• [Dataset entries]:
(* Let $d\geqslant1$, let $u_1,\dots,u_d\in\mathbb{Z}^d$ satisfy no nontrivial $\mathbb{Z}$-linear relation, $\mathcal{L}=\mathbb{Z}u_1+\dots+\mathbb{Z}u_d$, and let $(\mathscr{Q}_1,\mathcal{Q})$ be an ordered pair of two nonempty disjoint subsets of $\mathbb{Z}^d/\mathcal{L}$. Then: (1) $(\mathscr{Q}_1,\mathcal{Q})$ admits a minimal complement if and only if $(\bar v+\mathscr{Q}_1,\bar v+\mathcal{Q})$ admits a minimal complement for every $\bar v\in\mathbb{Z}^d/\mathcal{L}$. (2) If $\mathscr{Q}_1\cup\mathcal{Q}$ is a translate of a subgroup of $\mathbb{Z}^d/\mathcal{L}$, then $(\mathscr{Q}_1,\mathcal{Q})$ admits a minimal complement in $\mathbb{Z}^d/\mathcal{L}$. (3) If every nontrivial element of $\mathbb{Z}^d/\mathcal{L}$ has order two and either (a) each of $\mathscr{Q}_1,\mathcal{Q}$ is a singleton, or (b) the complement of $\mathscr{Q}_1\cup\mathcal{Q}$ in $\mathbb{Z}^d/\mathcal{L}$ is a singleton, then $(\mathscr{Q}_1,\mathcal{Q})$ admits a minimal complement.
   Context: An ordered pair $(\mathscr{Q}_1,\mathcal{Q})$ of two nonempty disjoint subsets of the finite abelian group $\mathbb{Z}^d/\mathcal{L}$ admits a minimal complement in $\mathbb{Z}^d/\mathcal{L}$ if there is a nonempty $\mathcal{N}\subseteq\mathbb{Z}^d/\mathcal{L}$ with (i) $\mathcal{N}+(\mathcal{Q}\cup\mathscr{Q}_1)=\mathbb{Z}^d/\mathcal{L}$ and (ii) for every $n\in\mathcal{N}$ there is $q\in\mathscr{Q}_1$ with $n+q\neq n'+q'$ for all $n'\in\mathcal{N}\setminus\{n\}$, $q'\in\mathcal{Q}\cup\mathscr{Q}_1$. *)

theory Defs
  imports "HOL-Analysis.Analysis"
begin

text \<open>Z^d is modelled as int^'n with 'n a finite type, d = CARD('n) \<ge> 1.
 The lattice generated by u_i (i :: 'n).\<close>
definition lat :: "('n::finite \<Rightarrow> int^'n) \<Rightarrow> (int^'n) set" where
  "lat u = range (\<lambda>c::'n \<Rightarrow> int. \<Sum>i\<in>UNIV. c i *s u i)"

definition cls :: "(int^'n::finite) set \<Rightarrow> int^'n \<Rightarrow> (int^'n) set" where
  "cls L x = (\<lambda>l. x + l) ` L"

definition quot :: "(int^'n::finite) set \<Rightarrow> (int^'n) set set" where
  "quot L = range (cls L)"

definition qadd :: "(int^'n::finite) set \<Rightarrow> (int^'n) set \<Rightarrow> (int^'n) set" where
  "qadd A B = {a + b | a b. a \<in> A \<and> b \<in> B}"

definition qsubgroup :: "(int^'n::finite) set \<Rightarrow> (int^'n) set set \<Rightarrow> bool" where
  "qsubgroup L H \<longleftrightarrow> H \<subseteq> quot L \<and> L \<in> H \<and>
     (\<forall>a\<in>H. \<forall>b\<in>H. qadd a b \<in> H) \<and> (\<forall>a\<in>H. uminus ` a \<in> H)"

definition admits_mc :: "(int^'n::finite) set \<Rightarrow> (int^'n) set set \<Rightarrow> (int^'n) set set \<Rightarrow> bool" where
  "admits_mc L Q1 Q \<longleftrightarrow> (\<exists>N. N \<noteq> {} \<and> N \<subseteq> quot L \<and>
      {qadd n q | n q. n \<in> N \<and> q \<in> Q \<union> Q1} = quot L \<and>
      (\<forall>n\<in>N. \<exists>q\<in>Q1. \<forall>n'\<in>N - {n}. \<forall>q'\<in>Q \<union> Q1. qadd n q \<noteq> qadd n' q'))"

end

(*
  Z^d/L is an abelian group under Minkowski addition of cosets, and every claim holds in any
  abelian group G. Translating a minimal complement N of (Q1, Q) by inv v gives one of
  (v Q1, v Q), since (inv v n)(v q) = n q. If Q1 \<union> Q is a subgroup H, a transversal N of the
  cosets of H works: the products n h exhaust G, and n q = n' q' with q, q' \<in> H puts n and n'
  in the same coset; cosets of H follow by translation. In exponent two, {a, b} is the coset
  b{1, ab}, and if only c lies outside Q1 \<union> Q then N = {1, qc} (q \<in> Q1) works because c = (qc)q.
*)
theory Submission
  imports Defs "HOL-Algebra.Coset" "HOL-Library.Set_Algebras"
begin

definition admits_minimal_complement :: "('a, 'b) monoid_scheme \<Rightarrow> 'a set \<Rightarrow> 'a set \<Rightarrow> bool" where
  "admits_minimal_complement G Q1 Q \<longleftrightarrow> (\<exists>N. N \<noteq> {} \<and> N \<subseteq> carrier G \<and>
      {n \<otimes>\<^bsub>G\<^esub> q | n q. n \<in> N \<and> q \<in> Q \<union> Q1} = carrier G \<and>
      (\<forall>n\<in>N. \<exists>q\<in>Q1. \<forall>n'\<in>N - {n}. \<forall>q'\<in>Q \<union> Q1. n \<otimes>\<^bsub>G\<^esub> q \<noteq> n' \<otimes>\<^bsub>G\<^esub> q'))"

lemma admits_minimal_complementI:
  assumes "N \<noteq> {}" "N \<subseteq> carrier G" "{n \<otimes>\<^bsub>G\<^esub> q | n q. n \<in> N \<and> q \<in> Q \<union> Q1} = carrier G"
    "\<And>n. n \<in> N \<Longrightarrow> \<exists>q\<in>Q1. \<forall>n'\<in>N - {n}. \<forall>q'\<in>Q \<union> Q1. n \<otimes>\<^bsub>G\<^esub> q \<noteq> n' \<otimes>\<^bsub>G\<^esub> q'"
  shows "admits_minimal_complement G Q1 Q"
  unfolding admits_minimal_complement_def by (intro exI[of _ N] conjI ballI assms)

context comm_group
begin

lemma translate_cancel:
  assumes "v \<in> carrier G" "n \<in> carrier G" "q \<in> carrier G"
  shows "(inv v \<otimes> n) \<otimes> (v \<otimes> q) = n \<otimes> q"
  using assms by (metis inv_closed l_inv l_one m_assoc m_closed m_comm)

• [EXERCISE BRIEF]:
Reproduce every record above exactly as it appears.

• [THE COMPLETED TASK]:
(* Let $d\geqslant1$, let $u_1,\dots,u_d\in\mathbb{Z}^d$ satisfy no nontrivial $\mathbb{Z}$-linear relation, $\mathcal{L}=\mathbb{Z}u_1+\dots+\mathbb{Z}u_d$, and let $(\mathscr{Q}_1,\mathcal{Q})$ be an ordered pair of two nonempty disjoint subsets of $\mathbb{Z}^d/\mathcal{L}$. Then: (1) $(\mathscr{Q}_1,\mathcal{Q})$ admits a minimal complement if and only if $(\bar v+\mathscr{Q}_1,\bar v+\mathcal{Q})$ admits a minimal complement for every $\bar v\in\mathbb{Z}^d/\mathcal{L}$. (2) If $\mathscr{Q}_1\cup\mathcal{Q}$ is a translate of a subgroup of $\mathbb{Z}^d/\mathcal{L}$, then $(\mathscr{Q}_1,\mathcal{Q})$ admits a minimal complement in $\mathbb{Z}^d/\mathcal{L}$. (3) If every nontrivial element of $\mathbb{Z}^d/\mathcal{L}$ has order two and either (a) each of $\mathscr{Q}_1,\mathcal{Q}$ is a singleton, or (b) the complement of $\mathscr{Q}_1\cup\mathcal{Q}$ in $\mathbb{Z}^d/\mathcal{L}$ is a singleton, then $(\mathscr{Q}_1,\mathcal{Q})$ admits a minimal complement.
   Context: An ordered pair $(\mathscr{Q}_1,\mathcal{Q})$ of two nonempty disjoint subsets of the finite abelian group $\mathbb{Z}^d/\mathcal{L}$ admits a minimal complement in $\mathbb{Z}^d/\mathcal{L}$ if there is a nonempty $\mathcal{N}\subseteq\mathbb{Z}^d/\mathcal{L}$ with (i) $\mathcal{N}+(\mathcal{Q}\cup\mathscr{Q}_1)=\mathbb{Z}^d/\mathcal{L}$ and (ii) for every $n\in\mathcal{N}$ there is $q\in\mathscr{Q}_1$ with $n+q\neq n'+q'$ for all $n'\in\mathcal{N}\setminus\{n\}$, $q'\in\mathcal{Q}\cup\mathscr{Q}_1$. *)

theory Defs
  imports "HOL-Analysis.Analysis"
begin

text \<open>Z^d is modelled as int^'n with 'n a finite type, d = CARD('n) \<ge> 1.
 The lattice generated by u_i (i :: 'n).\<close>
definition lat :: "('n::finite \<Rightarrow> int^'n) \<Rightarrow> (int^'n) set" where
  "lat u = range (\<lambda>c::'n \<Rightarrow> int. \<Sum>i\<in>UNIV. c i *s u i)"

definition cls :: "(int^'n::finite) set \<Rightarrow> int^'n \<Rightarrow> (int^'n) set" where
  "cls L x = (\<lambda>l. x + l) ` L"

definition quot :: "(int^'n::finite) set \<Rightarrow> (int^'n) set set" where
  "quot L = range (cls L)"

definition qadd :: "(int^'n::finite) set \<Rightarrow> (int^'n) set \<Rightarrow> (int^'n) set" where
  "qadd A B = {a + b | a b. a \<in> A \<and> b \<in> B}"

definition qsubgroup :: "(int^'n::finite) set \<Rightarrow> (int^'n) set set \<Rightarrow> bool" where
  "qsubgroup L H \<longleftrightarrow> H \<subseteq> quot L \<and> L \<in> H \<and>
     (\<forall>a\<in>H. \<forall>b\<in>H. qadd a b \<in> H) \<and> (\<forall>a\<in>H. uminus ` a \<in> H)"

definition admits_mc :: "(int^'n::finite) set \<Rightarrow> (int^'n) set set \<Rightarrow> (int^'n) set set \<Rightarrow> bool" where
  "admits_mc L Q1 Q \<longleftrightarrow> (\<exists>N. N \<noteq> {} \<and> N \<subseteq> quot L \<and>
      {qadd n q | n q. n \<in> N \<and> q \<in> Q \<union> Q1} = quot L \<and>
      (\<forall>n\<in>N. \<exists>q\<in>Q1. \<forall>n'\<in>N - {n}. \<forall>q'\<in>Q \<union> Q1. qadd n q \<noteq> qadd n' q'))"

end

(*
  Z^d/L is an abelian group under Minkowski addition of cosets, and every claim holds in any
  abelian group G. Translating a minimal complement N of (Q1, Q) by inv v gives one of
  (v Q1, v Q), since (inv v n)(v q) = n q. If Q1 \<union> Q is a subgroup H, a transversal N of the
  cosets of H works: the products n h exhaust G, and n q = n' q' with q, q' \<in> H puts n and n'
  in the same coset; cosets of H follow by translation. In exponent two, {a, b} is the coset
  b{1, ab}, and if only c lies outside Q1 \<union> Q then N = {1, qc} (q \<in> Q1) works because c = (qc)q.
*)
theory Submission
  imports Defs "HOL-Algebra.Coset" "HOL-Library.Set_Algebras"
begin

definition admits_minimal_complement :: "('a, 'b) monoid_scheme \<Rightarrow> 'a set \<Rightarrow> 'a set \<Rightarrow> bool" where
  "admits_minimal_complement G Q1 Q \<longleftrightarrow> (\<exists>N. N \<noteq> {} \<and> N \<subseteq> carrier G \<and>
      {n \<otimes>\<^bsub>G\<^esub> q | n q. n \<in> N \<and> q \<in> Q \<union> Q1} = carrier G \<and>
      (\<forall>n\<in>N. \<exists>q\<in>Q1. \<forall>n'\<in>N - {n}. \<forall>q'\<in>Q \<union> Q1. n \<otimes>\<^bsub>G\<^esub> q \<noteq> n' \<otimes>\<^bsub>G\<^esub> q'))"

lemma admits_minimal_complementI:
  assumes "N \<noteq> {}" "N \<subseteq> carrier G" "{n \<otimes>\<^bsub>G\<^esub> q | n q. n \<in> N \<and> q \<in> Q \<union> Q1} = carrier G"
    "\<And>n. n \<in> N \<Longrightarrow> \<exists>q\<in>Q1. \<forall>n'\<in>N - {n}. \<forall>q'\<in>Q \<union> Q1. n \<otimes>\<^bsub>G\<^esub> q \<noteq> n' \<otimes>\<^bsub>G\<^esub> q'"
  shows "admits_minimal_complement G Q1 Q"
  unfolding admits_minimal_complement_def by (intro exI[of _ N] conjI ballI assms)

context comm_group
begin

lemma translate_cancel:
  assumes "v \<in> carrier G" "n \<in> carrier G" "q \<in> carrier G"
  shows "(inv v \<otimes> n) \<otimes> (v \<otimes> q) = n \<otimes> q"
  using assms by (metis inv_closed l_inv l_one m_assoc m_closed m_comm)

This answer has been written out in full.